*** Begin section ***

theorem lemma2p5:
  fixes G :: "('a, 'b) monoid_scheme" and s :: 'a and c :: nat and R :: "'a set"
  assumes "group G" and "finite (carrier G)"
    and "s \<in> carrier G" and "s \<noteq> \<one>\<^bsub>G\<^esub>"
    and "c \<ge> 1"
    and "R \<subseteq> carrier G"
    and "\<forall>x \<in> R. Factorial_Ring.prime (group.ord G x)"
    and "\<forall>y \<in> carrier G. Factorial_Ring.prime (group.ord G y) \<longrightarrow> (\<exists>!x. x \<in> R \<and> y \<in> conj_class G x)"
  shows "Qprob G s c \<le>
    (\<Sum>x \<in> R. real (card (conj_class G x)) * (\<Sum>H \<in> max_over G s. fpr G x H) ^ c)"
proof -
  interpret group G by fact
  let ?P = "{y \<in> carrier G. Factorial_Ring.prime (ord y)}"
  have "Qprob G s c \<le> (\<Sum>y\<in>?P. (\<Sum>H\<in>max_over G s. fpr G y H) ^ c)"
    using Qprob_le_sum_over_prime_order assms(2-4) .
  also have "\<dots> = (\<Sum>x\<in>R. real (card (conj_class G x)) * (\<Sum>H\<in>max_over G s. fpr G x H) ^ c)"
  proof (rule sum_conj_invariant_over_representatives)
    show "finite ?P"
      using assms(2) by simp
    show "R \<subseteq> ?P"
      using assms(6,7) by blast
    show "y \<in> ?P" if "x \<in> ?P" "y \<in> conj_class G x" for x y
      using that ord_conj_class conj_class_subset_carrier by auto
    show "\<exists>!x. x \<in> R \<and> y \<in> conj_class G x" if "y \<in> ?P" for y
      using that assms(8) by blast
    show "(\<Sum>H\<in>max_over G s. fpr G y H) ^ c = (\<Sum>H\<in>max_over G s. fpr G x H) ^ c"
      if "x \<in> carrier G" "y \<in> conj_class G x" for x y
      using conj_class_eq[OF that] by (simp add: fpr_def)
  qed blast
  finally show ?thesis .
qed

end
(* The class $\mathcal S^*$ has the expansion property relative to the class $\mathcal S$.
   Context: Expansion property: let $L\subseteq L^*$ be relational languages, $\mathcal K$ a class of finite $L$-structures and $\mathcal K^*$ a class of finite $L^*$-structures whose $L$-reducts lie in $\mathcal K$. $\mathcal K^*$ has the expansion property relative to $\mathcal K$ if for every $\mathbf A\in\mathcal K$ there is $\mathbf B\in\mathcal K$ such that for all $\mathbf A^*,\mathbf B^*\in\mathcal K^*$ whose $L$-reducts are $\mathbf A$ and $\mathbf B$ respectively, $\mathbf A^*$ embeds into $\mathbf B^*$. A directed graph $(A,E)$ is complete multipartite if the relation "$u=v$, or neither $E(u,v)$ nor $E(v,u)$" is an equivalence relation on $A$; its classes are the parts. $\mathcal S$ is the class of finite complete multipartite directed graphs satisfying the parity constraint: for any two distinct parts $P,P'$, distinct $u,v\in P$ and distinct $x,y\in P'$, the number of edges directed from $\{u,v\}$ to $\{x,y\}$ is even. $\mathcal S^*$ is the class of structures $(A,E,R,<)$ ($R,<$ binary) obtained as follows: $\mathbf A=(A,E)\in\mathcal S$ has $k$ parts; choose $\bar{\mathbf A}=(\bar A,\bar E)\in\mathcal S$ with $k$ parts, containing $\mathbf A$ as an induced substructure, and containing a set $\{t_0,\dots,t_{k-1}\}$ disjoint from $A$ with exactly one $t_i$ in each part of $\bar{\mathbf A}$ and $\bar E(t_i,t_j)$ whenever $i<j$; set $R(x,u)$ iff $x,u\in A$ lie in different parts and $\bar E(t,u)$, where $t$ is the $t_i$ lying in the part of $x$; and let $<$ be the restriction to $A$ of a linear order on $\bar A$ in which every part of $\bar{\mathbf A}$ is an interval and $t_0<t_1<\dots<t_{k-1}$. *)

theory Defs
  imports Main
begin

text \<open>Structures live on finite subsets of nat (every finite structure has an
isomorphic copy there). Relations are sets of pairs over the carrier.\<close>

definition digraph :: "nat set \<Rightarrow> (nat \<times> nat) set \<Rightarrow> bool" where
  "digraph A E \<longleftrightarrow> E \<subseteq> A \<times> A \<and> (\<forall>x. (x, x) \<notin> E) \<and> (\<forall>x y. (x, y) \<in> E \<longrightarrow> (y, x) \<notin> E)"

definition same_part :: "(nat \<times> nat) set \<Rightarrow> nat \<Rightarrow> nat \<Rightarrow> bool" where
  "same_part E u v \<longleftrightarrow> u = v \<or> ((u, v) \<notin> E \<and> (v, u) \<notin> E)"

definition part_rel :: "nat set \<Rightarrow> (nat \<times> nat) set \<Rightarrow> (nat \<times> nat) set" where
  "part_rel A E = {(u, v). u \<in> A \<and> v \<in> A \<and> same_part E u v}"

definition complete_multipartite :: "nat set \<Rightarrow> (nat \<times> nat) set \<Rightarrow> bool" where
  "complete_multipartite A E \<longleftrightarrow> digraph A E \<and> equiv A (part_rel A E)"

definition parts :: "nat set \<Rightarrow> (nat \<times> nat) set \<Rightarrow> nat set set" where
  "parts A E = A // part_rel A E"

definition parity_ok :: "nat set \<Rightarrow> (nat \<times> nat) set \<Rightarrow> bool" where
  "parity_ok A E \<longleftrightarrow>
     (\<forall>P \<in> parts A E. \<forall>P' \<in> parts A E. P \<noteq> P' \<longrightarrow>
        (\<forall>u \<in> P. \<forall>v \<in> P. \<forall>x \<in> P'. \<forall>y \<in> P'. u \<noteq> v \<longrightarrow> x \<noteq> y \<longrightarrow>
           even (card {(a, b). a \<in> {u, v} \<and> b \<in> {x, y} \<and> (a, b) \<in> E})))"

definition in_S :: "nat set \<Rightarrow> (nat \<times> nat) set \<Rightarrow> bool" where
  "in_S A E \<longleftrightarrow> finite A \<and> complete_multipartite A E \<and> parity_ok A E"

*** End section ***
*** Begin section ***

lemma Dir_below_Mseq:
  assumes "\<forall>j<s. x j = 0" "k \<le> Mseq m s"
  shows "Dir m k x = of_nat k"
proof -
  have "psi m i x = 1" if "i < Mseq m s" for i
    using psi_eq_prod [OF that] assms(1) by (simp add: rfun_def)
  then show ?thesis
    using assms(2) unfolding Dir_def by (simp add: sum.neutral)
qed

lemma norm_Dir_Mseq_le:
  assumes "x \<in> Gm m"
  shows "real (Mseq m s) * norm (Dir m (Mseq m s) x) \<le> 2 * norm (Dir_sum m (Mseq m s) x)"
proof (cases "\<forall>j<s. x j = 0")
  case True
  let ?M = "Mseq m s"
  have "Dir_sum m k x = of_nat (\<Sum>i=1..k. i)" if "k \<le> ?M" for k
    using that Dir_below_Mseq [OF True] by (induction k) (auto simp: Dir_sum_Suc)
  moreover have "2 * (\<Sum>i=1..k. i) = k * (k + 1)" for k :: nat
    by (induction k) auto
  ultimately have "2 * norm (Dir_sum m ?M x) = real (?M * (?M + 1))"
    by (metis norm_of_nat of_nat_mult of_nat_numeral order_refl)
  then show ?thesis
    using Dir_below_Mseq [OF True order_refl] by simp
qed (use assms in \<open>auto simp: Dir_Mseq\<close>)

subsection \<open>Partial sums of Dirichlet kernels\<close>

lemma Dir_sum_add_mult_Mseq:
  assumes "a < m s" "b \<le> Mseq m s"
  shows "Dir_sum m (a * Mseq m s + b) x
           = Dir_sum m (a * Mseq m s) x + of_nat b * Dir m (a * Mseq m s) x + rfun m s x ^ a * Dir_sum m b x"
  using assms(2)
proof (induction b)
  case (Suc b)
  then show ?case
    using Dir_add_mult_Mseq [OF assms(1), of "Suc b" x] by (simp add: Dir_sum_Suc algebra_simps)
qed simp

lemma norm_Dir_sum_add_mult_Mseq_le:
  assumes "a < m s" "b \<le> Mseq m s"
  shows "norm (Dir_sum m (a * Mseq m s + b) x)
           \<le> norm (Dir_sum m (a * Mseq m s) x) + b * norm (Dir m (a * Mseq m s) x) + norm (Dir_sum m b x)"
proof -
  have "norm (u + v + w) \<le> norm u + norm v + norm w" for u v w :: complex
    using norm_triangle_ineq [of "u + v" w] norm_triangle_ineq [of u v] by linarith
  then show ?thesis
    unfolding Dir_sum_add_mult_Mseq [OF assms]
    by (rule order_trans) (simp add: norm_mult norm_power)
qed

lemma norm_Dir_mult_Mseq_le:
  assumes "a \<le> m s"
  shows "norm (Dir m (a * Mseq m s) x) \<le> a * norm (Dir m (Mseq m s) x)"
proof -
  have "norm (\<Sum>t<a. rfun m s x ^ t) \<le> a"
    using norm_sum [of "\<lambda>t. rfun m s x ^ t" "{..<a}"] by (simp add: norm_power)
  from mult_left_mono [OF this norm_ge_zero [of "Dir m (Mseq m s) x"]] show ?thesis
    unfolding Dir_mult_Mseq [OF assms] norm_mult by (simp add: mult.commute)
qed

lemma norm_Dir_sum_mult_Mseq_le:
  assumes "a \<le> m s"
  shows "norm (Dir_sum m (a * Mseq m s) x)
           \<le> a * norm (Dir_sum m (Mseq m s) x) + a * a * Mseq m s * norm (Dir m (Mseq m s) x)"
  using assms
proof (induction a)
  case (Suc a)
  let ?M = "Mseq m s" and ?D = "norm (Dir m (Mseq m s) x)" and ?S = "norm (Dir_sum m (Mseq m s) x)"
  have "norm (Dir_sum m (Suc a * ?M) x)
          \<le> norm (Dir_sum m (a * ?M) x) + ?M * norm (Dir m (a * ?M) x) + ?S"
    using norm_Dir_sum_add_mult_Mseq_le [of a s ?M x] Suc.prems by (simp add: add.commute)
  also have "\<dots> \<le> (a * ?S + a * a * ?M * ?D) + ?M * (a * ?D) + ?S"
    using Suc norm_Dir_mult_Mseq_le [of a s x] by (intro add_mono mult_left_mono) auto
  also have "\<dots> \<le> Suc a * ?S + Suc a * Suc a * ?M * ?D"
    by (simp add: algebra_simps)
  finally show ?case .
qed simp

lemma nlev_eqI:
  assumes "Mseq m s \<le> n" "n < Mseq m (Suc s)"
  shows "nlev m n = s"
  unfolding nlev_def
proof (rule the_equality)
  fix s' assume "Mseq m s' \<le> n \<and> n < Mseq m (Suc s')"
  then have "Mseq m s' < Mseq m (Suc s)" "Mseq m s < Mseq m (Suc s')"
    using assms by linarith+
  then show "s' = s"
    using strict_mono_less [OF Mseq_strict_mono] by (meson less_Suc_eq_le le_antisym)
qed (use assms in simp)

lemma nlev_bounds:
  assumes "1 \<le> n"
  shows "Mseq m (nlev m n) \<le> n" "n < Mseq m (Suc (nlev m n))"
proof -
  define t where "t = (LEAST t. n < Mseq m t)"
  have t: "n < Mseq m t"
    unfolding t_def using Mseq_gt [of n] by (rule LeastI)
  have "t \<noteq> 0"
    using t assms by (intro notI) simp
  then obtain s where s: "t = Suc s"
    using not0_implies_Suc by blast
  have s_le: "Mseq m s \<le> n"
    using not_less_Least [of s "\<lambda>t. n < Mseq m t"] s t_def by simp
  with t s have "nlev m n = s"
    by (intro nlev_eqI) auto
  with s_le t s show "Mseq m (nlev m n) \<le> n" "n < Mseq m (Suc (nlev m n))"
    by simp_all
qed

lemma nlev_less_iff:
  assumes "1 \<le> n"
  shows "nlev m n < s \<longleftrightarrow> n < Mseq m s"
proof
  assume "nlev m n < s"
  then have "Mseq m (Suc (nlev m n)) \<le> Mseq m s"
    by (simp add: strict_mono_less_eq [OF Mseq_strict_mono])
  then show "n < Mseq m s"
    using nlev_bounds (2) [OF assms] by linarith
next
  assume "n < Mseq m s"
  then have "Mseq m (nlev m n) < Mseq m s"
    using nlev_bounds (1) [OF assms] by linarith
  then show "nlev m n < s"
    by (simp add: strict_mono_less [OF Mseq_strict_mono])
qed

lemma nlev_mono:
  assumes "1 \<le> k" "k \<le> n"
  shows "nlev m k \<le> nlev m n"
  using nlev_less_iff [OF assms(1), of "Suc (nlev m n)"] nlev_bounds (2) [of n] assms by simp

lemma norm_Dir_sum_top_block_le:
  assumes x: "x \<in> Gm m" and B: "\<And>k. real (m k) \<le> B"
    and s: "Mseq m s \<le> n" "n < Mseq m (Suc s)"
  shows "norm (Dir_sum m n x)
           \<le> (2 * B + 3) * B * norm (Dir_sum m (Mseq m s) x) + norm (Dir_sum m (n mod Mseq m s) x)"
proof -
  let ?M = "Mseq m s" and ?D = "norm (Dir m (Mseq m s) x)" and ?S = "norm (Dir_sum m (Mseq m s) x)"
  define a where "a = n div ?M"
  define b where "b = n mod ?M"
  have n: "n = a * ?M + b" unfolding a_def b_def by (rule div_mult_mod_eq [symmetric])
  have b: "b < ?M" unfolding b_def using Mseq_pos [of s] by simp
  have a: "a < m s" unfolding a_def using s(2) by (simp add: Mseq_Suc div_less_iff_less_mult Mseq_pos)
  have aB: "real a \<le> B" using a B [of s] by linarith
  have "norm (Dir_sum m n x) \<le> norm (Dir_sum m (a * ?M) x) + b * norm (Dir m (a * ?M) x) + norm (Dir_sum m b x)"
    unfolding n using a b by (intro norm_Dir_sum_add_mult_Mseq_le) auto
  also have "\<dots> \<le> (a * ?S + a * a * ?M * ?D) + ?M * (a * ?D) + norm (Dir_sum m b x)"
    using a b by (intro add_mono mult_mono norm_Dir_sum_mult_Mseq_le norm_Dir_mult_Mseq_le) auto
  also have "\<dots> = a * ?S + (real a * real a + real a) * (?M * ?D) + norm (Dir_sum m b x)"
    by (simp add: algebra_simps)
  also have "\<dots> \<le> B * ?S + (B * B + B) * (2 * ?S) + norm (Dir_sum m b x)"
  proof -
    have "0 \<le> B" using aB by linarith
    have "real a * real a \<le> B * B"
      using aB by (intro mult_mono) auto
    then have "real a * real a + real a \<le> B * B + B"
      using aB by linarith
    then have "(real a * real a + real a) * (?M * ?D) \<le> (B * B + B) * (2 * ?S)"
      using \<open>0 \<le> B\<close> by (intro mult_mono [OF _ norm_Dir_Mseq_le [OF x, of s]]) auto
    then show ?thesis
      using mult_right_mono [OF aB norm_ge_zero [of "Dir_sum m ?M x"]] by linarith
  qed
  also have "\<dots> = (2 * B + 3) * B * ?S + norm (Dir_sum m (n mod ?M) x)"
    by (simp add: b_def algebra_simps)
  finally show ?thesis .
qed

*** End section ***
*** Begin section ***

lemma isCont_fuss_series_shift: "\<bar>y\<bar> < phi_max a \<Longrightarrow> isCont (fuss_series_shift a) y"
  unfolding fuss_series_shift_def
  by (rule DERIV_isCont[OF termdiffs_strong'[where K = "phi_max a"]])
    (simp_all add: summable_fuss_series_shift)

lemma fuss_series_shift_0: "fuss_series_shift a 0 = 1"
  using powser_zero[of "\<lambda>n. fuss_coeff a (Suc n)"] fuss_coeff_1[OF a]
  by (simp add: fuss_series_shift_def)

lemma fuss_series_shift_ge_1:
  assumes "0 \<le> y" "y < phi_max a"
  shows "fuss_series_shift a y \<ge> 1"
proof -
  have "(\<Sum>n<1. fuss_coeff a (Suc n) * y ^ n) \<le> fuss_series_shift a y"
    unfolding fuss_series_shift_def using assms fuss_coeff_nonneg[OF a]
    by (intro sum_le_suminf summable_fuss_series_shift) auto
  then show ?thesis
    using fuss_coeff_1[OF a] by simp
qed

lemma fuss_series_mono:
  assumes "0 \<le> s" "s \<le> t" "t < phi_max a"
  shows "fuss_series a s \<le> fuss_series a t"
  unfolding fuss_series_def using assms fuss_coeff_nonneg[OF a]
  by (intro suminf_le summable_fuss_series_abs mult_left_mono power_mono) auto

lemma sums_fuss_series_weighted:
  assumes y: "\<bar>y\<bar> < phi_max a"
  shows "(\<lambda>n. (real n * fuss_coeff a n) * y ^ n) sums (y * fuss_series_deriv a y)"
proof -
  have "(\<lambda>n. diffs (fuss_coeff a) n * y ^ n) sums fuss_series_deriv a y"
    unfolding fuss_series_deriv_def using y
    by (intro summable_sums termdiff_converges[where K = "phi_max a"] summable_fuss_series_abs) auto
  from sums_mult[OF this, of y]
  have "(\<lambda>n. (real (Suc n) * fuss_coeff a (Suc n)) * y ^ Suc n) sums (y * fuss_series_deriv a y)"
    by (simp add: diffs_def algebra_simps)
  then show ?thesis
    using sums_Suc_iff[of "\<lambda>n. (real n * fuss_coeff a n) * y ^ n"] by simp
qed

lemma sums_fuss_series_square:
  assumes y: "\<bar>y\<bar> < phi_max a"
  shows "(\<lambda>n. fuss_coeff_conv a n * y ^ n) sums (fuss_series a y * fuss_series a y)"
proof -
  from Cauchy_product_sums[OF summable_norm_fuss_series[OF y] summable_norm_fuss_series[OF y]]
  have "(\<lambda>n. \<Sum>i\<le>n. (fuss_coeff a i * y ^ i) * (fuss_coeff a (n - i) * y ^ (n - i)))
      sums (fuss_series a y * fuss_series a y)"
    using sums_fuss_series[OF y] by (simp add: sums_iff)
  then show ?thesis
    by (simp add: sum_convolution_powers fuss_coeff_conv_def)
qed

*** End section ***

[What is being asked] In the listing above, the lines from the one containing "with t s have" through the one containing "[of s] by linarith" must be set down exactly, with no other lines.

[Answer area]
  with t s have "nlev m n = s"
    by (intro nlev_eqI) auto
  with s_le t s show "Mseq m (nlev m n) \<le> n" "n < Mseq m (Suc (nlev m n))"
    by simp_all
qed

lemma nlev_less_iff:
  assumes "1 \<le> n"
  shows "nlev m n < s \<longleftrightarrow> n < Mseq m s"
proof
  assume "nlev m n < s"
  then have "Mseq m (Suc (nlev m n)) \<le> Mseq m s"
    by (simp add: strict_mono_less_eq [OF Mseq_strict_mono])
  then show "n < Mseq m s"
    using nlev_bounds (2) [OF assms] by linarith
next
  assume "n < Mseq m s"
  then have "Mseq m (nlev m n) < Mseq m s"
    using nlev_bounds (1) [OF assms] by linarith
  then show "nlev m n < s"
    by (simp add: strict_mono_less [OF Mseq_strict_mono])
qed

lemma nlev_mono:
  assumes "1 \<le> k" "k \<le> n"
  shows "nlev m k \<le> nlev m n"
  using nlev_less_iff [OF assms(1), of "Suc (nlev m n)"] nlev_bounds (2) [of n] assms by simp

lemma norm_Dir_sum_top_block_le:
  assumes x: "x \<in> Gm m" and B: "\<And>k. real (m k) \<le> B"
    and s: "Mseq m s \<le> n" "n < Mseq m (Suc s)"
  shows "norm (Dir_sum m n x)
           \<le> (2 * B + 3) * B * norm (Dir_sum m (Mseq m s) x) + norm (Dir_sum m (n mod Mseq m s) x)"
proof -
  let ?M = "Mseq m s" and ?D = "norm (Dir m (Mseq m s) x)" and ?S = "norm (Dir_sum m (Mseq m s) x)"
  define a where "a = n div ?M"
  define b where "b = n mod ?M"
  have n: "n = a * ?M + b" unfolding a_def b_def by (rule div_mult_mod_eq [symmetric])
  have b: "b < ?M" unfolding b_def using Mseq_pos [of s] by simp
  have a: "a < m s" unfolding a_def using s(2) by (simp add: Mseq_Suc div_less_iff_less_mult Mseq_pos)
  have aB: "real a \<le> B" using a B [of s] by linarith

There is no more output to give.